Ввалившись в квартиру к Светочке, Геннадий Петрович сначала принялся командовать, даже потребовал показать ему стриптиз, но потом сник, как-то расстроился, начал жаловаться на жизнь, затем вообще заплакал и забухал уже вовсе по-черному, отдаваясь во власть Его Величества Запоя…

* * *

Между тем, пока Ващанов, «сев на кочергу», все больше и больше утрачивал с каждым днем ощущение времени и пространства — в Морском порту, а если точнее, в третьем (самом «криминальном», кстати, по мнению многих экспертов) районе порта, где как раз располагались склады временного хранения фирмы «ТКК», начали разворачиваться достаточно интересные события — во второй половине дня 30 апреля двадцать контейнеров с «Абсолютом» были погружены на автомашины одного из «таможенных перевозчиков». После всех положенных формальностей, колонну выпустили за пределы порта и она ушла к границе с Прибалтикой…
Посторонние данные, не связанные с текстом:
lemma multilinear_polytope_coordinate_one_subset:
  fixes V :: "'v::finite set"
  assumes "hypergraph V E" and "I \<in> V" and "convex H"
    and "\<And>X. X \<subseteq> V \<Longrightarrow> I \<in> X \<Longrightarrow> ml_vertex V E X \<in> H"
    and "z \<in> multilinear_polytope V E" and "z $ {I} = 1"
  shows "z \<in> H"
proof -
  let ?M = "ml_vertex V E ` Pow V" and ?a = "axis {I} (1::real)"
  have coordinate: "?a \<bullet> x = x $ {I}" for x :: "real ^ ('v set)"
    by (simp add: inner_axis')
  have "z \<in> convex hull ?M \<inter> {x. ?a \<bullet> x = 1}"
    using assms(5,6) multilinear_polytope_eq_convex_hull_ml_vertex[OF assms(1)] coordinate
    by simp
  also have "\<dots> = convex hull {x \<in> ?M. ?a \<bullet> x = 1}"
    by (rule convex_hull_Int_supporting_hyperplane) (auto simp: coordinate ml_vertex_singleton[OF assms(2)])
  also have "\<dots> \<subseteq> H"
    using assms(3,4) by (intro hull_minimal) (auto simp: coordinate ml_vertex_singleton[OF assms(2)])
  finally show ?thesis .
qed

lemma mem_V1F_if_facet_subset_affine:
  fixes V :: "'v::finite set"
  assumes "hypergraph V E" and "F facet_of multilinear_polytope V E"
    and "affine H" and "F \<subseteq> H" and "\<not> multilinear_polytope V E \<subseteq> H"
    and "I \<in> V" and "\<And>X. X \<subseteq> V \<Longrightarrow> I \<in> X \<Longrightarrow> ml_vertex V E X \<in> H"
  shows "I \<in> V1F V E F"
  unfolding V1F_def
proof (intro CollectI conjI ballI impI assms(6))
  let ?P = "multilinear_polytope V E"
  fix z assume "z \<in> ?P" and "z $ {I} = 1"
  then have "z \<in> H"
    by (intro multilinear_polytope_coordinate_one_subset[OF assms(1,6) affine_imp_convex[OF assms(3)]
          assms(7)])
  then have "z \<in> affine hull F \<inter> ?P"
    using facet_Int_affine_subset_affine_hull[OF assms(2,4,3,5)] \<open>z \<in> ?P\<close> by blast
  moreover have "F = affine hull F \<inter> ?P"
    using facet_of_imp_face_of[OF assms(2)] convex_convex_hull
    by (intro face_of_imp_eq_affine_Int) (simp_all add: multilinear_polytope_def)
  ultimately show "z \<in> F"
    by blast
qed

lemma ml_vertex_in_F_U:
  assumes "ml_vertex V E X \<in> F" and "U \<subseteq> V" and "U \<inter> X = {}"
  shows "ml_vertex V E X \<in> F_U F U"
proof -
  have "ml_vertex V E X $ {I} = 0" if "I \<in> U" for I
  proof -
    have "I \<in> V" and "I \<notin> X"
      using that assms(2,3) by blast+
    then show ?thesis
      by (simp add: ml_vertex_singleton)
  qed
  then show ?thesis
    using assms(1) unfolding F_U_def by blast
qed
Стоит ли объяснять, что таким образом произошло блестящее практическое воплощение в жизнь красивого плана, разработанного «бухгалтером» Плейшнера — Моисеем Лазаревичем Гутманом? На самом деле, вся операция прошла еще более легко, чем ожидалась — накануне майских праздников все торопились побыстрее закончить дела, и поэтому процедуры получения груза и последующего контроля на таможне заняли даже меньше времени, чем обычно… Самым «узким» местом во всей схеме, было, разумеется, непосредственное получение контейнеров со склада «ТКК», но и там накладок не произошло — кладовщик, разумеется, не входивший в руководство «ТКК», ничего о поставке партии «Абсолюта» от Кости Олафсона не знал, а «бдить особо внимательно» именно за шведскими контейнерами его никто не уполномочивал. Руководству «ТКК» просто в голову не могло прийти, что вот так вот просто — внагляк — прямо со склада, находящегося в зоне таможенного контроля, у них кто-то может «помылить» груз… Ну, а кладовщику-то что, больше всех надо? По бумагам все было чисто, имелся даже один листок с подписью и самого Бурцева — кто же знал, что она потом окажется поддельной?

В общем, все произошло по нормальному российскому правилу: если хочешь схитить что-то суперкрупное — хитить надо «втупую», и именно в этой ситуации никто ничего не заподозрит…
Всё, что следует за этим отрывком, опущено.